| Assignment |
For the material that follows, tally the lines holding "mcomms" and give the total alone.

| Entries supplied |
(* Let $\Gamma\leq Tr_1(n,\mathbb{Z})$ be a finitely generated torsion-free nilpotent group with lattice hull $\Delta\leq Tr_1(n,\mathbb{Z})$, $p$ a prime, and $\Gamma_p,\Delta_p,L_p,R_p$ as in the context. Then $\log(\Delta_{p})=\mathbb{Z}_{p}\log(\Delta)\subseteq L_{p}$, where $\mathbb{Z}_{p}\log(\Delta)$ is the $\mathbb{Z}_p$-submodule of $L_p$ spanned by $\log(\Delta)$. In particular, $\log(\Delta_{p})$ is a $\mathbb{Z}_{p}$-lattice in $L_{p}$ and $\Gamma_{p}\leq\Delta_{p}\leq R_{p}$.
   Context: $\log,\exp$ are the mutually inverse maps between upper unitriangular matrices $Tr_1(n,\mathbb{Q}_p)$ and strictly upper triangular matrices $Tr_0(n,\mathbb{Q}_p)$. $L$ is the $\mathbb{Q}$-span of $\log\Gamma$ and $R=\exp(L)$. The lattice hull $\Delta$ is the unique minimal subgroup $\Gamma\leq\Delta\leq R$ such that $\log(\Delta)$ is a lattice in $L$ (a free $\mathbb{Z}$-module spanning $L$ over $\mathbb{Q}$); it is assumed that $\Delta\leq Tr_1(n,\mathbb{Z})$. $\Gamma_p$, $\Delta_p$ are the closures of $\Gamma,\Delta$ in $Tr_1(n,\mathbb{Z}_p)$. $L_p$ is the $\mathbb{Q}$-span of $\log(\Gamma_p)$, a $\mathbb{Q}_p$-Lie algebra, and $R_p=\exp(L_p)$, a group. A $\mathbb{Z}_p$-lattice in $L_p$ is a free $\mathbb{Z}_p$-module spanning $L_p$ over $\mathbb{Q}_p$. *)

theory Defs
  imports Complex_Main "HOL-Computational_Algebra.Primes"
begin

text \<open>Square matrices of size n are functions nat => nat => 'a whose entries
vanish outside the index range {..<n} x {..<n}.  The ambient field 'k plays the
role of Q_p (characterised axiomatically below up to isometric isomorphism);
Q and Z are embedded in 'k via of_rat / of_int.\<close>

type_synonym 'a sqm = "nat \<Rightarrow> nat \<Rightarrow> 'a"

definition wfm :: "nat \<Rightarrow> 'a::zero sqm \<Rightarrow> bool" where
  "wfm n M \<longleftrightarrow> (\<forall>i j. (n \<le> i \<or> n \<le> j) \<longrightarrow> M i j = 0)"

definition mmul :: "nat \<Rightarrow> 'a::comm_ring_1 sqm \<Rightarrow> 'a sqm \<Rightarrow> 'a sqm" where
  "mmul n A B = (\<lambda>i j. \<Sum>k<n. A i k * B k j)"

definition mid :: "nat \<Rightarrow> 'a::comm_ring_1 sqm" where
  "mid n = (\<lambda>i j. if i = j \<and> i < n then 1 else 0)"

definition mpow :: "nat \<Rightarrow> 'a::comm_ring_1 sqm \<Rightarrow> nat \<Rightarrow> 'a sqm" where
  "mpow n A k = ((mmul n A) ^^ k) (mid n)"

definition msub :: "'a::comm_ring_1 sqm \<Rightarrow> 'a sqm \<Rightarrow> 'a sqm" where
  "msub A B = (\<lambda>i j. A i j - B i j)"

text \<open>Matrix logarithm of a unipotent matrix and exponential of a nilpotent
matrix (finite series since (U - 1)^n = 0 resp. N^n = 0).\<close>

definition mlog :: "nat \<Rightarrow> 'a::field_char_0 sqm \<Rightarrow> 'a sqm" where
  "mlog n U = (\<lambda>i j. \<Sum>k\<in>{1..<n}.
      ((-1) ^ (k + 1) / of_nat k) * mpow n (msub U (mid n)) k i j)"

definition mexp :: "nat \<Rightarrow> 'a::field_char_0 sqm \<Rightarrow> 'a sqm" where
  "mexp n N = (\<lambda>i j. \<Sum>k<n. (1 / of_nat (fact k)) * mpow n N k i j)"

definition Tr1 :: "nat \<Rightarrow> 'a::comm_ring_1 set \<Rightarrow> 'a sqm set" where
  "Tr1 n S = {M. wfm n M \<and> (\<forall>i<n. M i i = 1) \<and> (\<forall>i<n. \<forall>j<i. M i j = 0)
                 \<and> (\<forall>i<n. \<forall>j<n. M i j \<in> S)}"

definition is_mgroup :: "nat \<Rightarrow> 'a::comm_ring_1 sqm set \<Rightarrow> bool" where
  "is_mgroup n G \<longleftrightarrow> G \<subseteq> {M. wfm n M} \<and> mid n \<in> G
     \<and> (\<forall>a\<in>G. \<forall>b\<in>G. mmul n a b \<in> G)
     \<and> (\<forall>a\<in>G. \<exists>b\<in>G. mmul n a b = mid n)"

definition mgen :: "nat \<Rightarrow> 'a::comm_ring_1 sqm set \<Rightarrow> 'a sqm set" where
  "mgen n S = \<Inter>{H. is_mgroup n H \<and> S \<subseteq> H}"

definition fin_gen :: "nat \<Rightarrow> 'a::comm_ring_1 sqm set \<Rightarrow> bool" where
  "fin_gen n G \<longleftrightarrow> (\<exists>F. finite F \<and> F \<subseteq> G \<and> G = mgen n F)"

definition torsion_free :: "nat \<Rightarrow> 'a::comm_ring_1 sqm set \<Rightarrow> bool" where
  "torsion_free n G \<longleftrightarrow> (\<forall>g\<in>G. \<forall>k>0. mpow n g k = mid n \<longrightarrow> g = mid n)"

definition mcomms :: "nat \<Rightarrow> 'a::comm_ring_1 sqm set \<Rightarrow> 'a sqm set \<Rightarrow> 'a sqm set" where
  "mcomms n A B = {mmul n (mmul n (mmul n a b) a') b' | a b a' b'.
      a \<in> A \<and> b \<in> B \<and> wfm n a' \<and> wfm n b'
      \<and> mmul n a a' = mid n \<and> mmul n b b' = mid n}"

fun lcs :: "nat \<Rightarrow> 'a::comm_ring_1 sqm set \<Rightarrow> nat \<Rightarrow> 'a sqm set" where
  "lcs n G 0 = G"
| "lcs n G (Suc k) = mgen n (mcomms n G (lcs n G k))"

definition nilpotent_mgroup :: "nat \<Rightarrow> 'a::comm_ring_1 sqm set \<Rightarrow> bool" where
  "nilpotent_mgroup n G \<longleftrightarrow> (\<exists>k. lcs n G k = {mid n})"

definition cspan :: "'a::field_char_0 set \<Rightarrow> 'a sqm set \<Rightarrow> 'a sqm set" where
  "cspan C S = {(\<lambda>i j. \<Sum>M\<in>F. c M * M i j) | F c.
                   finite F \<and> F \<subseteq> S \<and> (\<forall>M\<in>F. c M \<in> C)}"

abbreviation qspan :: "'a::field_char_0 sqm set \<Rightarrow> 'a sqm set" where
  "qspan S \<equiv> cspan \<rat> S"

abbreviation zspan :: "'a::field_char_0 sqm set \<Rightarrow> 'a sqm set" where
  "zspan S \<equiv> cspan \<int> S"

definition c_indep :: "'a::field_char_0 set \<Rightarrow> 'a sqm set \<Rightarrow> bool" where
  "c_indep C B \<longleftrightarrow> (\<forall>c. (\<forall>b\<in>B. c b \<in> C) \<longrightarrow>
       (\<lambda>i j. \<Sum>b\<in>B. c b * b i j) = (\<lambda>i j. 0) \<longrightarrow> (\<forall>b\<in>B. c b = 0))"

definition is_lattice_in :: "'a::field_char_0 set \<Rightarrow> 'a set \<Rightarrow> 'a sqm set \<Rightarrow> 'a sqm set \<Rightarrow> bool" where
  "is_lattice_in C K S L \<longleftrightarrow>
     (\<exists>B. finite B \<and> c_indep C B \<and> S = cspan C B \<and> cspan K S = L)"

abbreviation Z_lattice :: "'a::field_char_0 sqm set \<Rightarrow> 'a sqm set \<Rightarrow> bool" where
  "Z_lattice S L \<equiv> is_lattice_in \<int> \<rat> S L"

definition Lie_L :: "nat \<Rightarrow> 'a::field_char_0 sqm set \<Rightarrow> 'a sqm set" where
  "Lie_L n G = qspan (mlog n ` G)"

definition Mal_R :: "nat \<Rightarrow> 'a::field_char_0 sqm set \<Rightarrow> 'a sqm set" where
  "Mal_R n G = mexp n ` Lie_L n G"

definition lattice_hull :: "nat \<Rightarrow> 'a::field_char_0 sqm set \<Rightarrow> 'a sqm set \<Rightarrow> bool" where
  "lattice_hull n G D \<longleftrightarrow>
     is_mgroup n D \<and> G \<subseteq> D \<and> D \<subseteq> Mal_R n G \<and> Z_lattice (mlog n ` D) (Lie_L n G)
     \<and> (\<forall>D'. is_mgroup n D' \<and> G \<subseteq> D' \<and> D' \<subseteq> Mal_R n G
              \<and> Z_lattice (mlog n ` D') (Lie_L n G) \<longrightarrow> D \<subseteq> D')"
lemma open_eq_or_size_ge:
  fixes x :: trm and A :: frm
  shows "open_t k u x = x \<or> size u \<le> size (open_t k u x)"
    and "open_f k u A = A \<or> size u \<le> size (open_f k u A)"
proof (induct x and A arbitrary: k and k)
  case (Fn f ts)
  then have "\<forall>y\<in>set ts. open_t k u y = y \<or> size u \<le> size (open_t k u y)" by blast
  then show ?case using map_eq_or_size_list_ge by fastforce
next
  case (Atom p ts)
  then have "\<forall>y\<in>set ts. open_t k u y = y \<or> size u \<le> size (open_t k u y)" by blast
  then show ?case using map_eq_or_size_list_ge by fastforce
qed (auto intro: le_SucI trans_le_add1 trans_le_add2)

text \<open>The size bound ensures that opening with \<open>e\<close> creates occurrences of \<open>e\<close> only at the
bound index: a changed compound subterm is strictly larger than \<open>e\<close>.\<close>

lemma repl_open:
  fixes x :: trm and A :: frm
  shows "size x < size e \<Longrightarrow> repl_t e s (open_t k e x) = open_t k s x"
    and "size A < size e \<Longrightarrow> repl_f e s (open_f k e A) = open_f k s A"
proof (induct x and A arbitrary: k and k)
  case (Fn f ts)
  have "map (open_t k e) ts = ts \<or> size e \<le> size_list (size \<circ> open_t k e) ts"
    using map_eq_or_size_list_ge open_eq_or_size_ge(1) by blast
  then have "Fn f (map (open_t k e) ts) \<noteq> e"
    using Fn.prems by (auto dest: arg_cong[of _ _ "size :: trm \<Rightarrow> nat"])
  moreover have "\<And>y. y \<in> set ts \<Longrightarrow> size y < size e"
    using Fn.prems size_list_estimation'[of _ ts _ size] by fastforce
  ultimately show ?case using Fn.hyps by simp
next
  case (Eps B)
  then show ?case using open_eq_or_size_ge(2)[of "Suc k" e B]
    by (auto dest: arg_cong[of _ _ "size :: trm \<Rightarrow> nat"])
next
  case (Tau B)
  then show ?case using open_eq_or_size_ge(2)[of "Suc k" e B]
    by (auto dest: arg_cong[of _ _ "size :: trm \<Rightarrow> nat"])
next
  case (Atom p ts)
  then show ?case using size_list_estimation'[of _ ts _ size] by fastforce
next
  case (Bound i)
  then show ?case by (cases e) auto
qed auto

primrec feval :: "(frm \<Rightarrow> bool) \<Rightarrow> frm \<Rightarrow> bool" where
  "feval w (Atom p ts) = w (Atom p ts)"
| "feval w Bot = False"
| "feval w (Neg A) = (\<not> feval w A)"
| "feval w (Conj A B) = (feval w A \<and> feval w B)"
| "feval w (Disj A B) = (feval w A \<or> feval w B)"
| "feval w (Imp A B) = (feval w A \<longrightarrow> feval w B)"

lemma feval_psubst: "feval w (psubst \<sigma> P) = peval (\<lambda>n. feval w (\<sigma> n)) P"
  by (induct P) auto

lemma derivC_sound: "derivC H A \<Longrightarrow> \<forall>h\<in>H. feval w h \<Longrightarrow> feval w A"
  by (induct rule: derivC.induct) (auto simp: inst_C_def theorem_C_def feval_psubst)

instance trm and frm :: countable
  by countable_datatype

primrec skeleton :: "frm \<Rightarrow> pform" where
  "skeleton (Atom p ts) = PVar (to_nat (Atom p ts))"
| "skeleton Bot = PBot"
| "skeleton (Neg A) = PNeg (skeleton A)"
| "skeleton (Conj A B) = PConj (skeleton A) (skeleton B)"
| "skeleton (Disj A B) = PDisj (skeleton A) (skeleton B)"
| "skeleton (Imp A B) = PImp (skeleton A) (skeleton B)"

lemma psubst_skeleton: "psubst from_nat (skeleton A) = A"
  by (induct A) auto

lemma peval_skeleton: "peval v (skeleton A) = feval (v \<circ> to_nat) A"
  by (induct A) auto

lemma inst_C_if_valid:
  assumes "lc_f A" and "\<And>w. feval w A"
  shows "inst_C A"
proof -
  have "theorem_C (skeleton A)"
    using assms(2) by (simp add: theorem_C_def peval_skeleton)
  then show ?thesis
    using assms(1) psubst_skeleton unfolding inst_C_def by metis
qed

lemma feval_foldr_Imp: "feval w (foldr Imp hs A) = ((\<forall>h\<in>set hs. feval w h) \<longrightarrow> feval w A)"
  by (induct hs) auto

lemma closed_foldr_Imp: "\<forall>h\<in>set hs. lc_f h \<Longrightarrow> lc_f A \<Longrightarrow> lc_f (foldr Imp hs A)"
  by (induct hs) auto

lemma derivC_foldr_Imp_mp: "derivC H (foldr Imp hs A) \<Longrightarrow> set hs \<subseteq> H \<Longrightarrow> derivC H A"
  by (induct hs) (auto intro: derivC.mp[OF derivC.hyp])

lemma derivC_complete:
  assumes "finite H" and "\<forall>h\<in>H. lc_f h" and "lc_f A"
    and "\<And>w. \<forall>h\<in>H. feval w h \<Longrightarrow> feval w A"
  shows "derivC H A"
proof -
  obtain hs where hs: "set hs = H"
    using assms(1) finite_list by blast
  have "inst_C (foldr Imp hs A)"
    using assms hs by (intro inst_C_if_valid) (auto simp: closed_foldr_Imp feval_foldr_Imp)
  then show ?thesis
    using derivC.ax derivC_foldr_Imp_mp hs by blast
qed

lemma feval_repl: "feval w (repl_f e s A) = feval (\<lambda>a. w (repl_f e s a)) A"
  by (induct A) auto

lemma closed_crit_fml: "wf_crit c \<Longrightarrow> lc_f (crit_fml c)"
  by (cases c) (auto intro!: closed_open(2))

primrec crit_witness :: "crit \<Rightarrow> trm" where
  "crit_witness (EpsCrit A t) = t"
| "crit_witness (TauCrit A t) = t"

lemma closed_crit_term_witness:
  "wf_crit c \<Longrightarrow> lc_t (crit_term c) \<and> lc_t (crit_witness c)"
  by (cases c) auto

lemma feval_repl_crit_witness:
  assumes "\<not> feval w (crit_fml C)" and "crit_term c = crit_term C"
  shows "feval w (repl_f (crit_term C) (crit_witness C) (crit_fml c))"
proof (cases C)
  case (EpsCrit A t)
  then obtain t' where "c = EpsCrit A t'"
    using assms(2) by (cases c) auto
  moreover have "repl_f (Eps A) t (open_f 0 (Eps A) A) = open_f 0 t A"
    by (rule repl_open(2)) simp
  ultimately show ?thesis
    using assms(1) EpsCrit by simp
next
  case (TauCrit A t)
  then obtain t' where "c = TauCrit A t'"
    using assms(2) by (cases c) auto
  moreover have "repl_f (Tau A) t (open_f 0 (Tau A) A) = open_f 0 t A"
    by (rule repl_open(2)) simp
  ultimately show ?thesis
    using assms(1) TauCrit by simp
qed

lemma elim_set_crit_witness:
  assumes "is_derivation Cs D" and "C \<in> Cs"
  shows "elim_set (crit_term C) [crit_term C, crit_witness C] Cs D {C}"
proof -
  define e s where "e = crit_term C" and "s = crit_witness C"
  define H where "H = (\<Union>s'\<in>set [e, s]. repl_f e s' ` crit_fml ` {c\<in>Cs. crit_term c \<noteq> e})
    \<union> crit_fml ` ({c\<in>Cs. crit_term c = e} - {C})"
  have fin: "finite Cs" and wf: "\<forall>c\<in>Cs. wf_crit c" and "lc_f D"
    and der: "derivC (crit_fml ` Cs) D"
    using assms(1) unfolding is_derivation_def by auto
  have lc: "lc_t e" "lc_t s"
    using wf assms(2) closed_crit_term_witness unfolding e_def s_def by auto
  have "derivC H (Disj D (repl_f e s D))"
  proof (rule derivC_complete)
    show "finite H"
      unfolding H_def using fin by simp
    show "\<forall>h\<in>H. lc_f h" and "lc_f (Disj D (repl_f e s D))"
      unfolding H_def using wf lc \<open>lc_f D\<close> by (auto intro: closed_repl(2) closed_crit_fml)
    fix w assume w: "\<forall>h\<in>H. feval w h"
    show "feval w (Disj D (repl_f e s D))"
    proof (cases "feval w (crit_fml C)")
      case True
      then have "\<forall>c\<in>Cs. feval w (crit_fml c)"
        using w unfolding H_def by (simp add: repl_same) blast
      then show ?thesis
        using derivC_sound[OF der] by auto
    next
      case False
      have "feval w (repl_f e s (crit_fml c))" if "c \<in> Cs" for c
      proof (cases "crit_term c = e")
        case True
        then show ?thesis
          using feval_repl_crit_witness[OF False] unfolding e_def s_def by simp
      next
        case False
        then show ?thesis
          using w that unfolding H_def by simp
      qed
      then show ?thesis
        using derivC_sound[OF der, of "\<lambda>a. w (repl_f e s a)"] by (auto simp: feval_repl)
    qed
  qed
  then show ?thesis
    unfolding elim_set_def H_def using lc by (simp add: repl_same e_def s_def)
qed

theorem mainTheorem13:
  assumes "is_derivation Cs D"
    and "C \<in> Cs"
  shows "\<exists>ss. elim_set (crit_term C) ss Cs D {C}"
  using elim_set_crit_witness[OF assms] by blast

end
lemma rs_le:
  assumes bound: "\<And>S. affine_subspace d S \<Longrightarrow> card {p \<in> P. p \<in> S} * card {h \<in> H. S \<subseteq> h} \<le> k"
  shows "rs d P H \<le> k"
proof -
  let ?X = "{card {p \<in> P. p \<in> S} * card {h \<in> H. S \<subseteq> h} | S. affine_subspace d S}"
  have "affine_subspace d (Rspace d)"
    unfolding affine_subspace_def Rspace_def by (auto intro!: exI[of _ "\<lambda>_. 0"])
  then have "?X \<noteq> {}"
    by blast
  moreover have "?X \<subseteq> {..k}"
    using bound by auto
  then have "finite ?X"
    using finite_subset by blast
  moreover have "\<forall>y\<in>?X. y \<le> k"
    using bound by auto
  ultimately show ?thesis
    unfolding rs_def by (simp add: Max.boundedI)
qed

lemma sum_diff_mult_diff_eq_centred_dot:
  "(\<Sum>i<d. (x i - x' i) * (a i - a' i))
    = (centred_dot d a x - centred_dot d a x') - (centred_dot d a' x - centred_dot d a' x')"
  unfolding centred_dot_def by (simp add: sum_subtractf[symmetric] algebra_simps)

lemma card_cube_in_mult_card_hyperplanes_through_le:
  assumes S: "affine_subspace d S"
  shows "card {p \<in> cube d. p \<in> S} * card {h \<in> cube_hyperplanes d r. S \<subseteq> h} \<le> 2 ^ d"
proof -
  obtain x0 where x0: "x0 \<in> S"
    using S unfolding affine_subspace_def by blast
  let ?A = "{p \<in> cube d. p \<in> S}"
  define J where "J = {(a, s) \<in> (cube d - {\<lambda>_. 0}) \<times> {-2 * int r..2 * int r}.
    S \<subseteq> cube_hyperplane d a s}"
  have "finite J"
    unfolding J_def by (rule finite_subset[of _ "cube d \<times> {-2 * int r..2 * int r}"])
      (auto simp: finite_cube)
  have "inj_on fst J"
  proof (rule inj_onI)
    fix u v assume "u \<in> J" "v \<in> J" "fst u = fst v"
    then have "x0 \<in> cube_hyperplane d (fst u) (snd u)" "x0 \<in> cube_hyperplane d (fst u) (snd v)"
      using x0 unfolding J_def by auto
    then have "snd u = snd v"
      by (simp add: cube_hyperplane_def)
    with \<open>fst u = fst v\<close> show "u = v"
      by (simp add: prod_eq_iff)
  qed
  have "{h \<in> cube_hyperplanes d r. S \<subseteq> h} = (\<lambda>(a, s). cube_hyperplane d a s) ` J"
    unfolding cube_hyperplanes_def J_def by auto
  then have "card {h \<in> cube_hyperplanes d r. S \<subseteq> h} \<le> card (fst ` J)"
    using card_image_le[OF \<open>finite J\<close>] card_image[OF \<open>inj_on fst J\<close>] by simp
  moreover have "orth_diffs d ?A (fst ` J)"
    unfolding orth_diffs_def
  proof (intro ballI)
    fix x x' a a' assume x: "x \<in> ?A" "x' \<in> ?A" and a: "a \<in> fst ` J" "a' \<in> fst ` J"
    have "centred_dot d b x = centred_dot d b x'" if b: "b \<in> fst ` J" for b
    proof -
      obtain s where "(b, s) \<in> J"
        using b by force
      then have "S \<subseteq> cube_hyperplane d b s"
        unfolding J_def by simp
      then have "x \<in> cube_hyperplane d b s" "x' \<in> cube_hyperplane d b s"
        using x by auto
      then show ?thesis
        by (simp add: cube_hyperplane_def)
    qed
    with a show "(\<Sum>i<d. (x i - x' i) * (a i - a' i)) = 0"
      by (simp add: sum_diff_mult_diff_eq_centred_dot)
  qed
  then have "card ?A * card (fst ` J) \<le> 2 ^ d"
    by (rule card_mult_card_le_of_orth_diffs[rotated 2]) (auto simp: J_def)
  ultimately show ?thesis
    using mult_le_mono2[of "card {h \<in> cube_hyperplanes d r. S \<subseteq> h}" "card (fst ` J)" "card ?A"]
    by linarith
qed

| Exercise response |
3